#### Input records

text \<open>A Kato-type inequality; it makes the modulus of an eigenfunction a subsolution.\<close>
lemma quasimonotone_Re_mult_le:
  fixes L :: "(real \<Rightarrow> real^'m) \<Rightarrow> real^'m" and \<psi> :: "real \<Rightarrow> complex^'m"
  assumes L: "bounded_linear_C \<tau> L" and Q: "quasimonotone \<tau> L"
    and \<psi>: "continuous_on {-\<tau>..0} \<psi>" and c: "cmod c = 1" "Re (c * \<psi> 0 $ k) = cmod (\<psi> 0 $ k)"
  shows "Re (c * cplx_app L \<psi> $ k) \<le> L (\<lambda>\<theta>. \<chi> j. cmod (\<psi> \<theta> $ j)) $ k"
proof -
  define A where "A \<theta> = (\<chi> j. cmod (\<psi> \<theta> $ j))" for \<theta>
  define R where "R \<theta> = (\<chi> j. Re (c * \<psi> \<theta> $ j))" for \<theta>
  have "in_C \<tau> A" "in_C \<tau> R"
    unfolding in_C_def A_def R_def using \<psi> by (auto intro!: continuous_intros)
  have "Re (c * \<psi> \<theta> $ j) \<le> cmod (\<psi> \<theta> $ j)" for \<theta> j
    using complex_Re_le_cmod[of "c * \<psi> \<theta> $ j"] c(1) by (simp add: norm_mult)
  then have "in_Cplus \<tau> (\<lambda>\<theta>. A \<theta> - R \<theta>)"
    using \<open>in_C \<tau> A\<close> \<open>in_C \<tau> R\<close> by (simp add: in_Cplus_def in_C_def continuous_intros A_def R_def)
  moreover have "(A 0 - R 0) $ k = 0" using c(2) by (simp add: A_def R_def)
  ultimately have "0 \<le> L (\<lambda>\<theta>. A \<theta> - R \<theta>) $ k" using Q by (simp add: quasimonotone_def)
  then show ?thesis
    using bounded_linear_C_diff[OF L \<open>in_C \<tau> A\<close> \<open>in_C \<tau> R\<close>] cplx_app_Re_mult[OF L \<psi>]
    by (simp add: A_def[abs_def] R_def[abs_def])
qed

lemma fde_eigenvalue_Re_in_cw_set:
  fixes L :: "(real \<Rightarrow> real^'m) \<Rightarrow> real^'m"
  assumes L: "bounded_linear_C \<tau> L" and Q: "quasimonotone \<tau> L" and "fde_eigenvalue L z"
  shows "Re z \<in> cw_set (char_matrix L)"
proof -
  obtain v where "v \<noteq> 0" and v: "cplx_app L (\<lambda>\<theta>. exp (z * of_real \<theta>) *s v) = z *s v"
    using fde_eigenvalue_char_eq[OF assms(3)] by blast
  define \<psi> where "\<psi> \<theta> = exp (z * of_real \<theta>) *s v" for \<theta>
  define a where "a = (\<chi> j. cmod (v$j))"
  have \<psi>: "continuous_on {-\<tau>..0} \<psi>"
    unfolding \<psi>_def vector_scalar_mult_def by (intro continuous_intros)
  have abs_\<psi>: "(\<lambda>\<theta>. \<chi> j. cmod (\<psi> \<theta> $ j)) = (\<lambda>\<theta>. exp (Re z * \<theta>) *\<^sub>R a)"
    by (auto simp: \<psi>_def a_def vec_eq_iff norm_mult)
  have "Re z * a$k \<le> (char_matrix L (Re z) *v a)$k" for k
  proof -
    obtain c where c: "cmod c = 1" "c * v$k = complex_of_real (cmod (v$k))"
      using exists_unit_rotation by blast
    have "Re z * a$k = Re (c * cplx_app L \<psi> $ k)"
      using v c(2) by (simp add: \<psi>_def[abs_def] a_def mult.left_commute[of c])
    also have "\<dots> \<le> L (\<lambda>\<theta>. \<chi> j. cmod (\<psi> \<theta> $ j)) $ k"
      by (rule quasimonotone_Re_mult_le[OF L Q \<psi> c(1)]) (simp add: \<psi>_def c(2))
    also have "\<dots> = (char_matrix L (Re z) *v a)$k"
      unfolding abs_\<psi> char_matrix_mult[OF L] ..
    finally show ?thesis .
  qed
  moreover have "0 \<le> a" "a \<noteq> 0" using \<open>v \<noteq> 0\<close> by (auto simp: a_def less_eq_vec_def vec_eq_iff)
  ultimately show ?thesis by (intro cw_setI) (auto simp: less_eq_vec_def)
qed

lemma stab_mod_cw_greatest:
  fixes L :: "(real \<Rightarrow> real^'m) \<Rightarrow> real^'m"
  assumes L: "bounded_linear_C \<tau> L" and Q: "quasimonotone \<tau> L" and "0 \<le> \<tau>"
  shows "stab_mod L \<in> cw_set (char_matrix L)" "\<forall>\<mu>\<in>cw_set (char_matrix L). \<mu> \<le> stab_mod L"
proof -
  obtain l where l: "l \<in> cw_set (char_matrix L)" "\<forall>\<mu>\<in>cw_set (char_matrix L). \<mu> \<le> l"
    and "\<exists>u\<in>prob_simplex. char_matrix L l *v u = l *\<^sub>R u"
    by (rule cw_set_greatest[OF char_matrix_antimono[OF L Q] char_matrix_metzler[OF Q]
          continuous_char_matrix[OF L \<open>0 \<le> \<tau>\<close>] char_matrix_cw_set_bdd_above[OF L \<open>0 \<le> \<tau>\<close>]])
  then have "fde_eigenvalue L (complex_of_real l)"
    using fde_eigenvalue_of_real[OF L] prob_simplex_nonzero by blast
  then have "Sup (Re ` {z. fde_eigenvalue L z}) = l"
    using fde_eigenvalue_Re_in_cw_set[OF L Q] l(2)
    by (intro cSup_eq_maximum) (auto intro: rev_image_eqI[of "complex_of_real l"])
  then show "stab_mod L \<in> cw_set (char_matrix L)" "\<forall>\<mu>\<in>cw_set (char_matrix L). \<mu> \<le> stab_mod L"
    using l by (simp_all add: stab_mod_def)
qed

########

**What you will do:** Above are the records; print exactly the lines from the line with "using exists_unit_rotation by blast" to the line with "using fde_eigenvalue_Re_in_cw_set[OF L", including both, and nothing else.

**Answer to this problem:**
      using exists_unit_rotation by blast
    have "Re z * a$k = Re (c * cplx_app L \<psi> $ k)"
      using v c(2) by (simp add: \<psi>_def[abs_def] a_def mult.left_commute[of c])
    also have "\<dots> \<le> L (\<lambda>\<theta>. \<chi> j. cmod (\<psi> \<theta> $ j)) $ k"
      by (rule quasimonotone_Re_mult_le[OF L Q \<psi> c(1)]) (simp add: \<psi>_def c(2))
    also have "\<dots> = (char_matrix L (Re z) *v a)$k"
      unfolding abs_\<psi> char_matrix_mult[OF L] ..
    finally show ?thesis .
  qed
  moreover have "0 \<le> a" "a \<noteq> 0" using \<open>v \<noteq> 0\<close> by (auto simp: a_def less_eq_vec_def vec_eq_iff)
  ultimately show ?thesis by (intro cw_setI) (auto simp: less_eq_vec_def)
qed

lemma stab_mod_cw_greatest:
  fixes L :: "(real \<Rightarrow> real^'m) \<Rightarrow> real^'m"
  assumes L: "bounded_linear_C \<tau> L" and Q: "quasimonotone \<tau> L" and "0 \<le> \<tau>"
  shows "stab_mod L \<in> cw_set (char_matrix L)" "\<forall>\<mu>\<in>cw_set (char_matrix L). \<mu> \<le> stab_mod L"
proof -
  obtain l where l: "l \<in> cw_set (char_matrix L)" "\<forall>\<mu>\<in>cw_set (char_matrix L). \<mu> \<le> l"
    and "\<exists>u\<in>prob_simplex. char_matrix L l *v u = l *\<^sub>R u"
    by (rule cw_set_greatest[OF char_matrix_antimono[OF L Q] char_matrix_metzler[OF Q]
          continuous_char_matrix[OF L \<open>0 \<le> \<tau>\<close>] char_matrix_cw_set_bdd_above[OF L \<open>0 \<le> \<tau>\<close>]])
  then have "fde_eigenvalue L (complex_of_real l)"
    using fde_eigenvalue_of_real[OF L] prob_simplex_nonzero by blast
  then have "Sup (Re ` {z. fde_eigenvalue L z}) = l"
    using fde_eigenvalue_Re_in_cw_set[OF L Q] l(2)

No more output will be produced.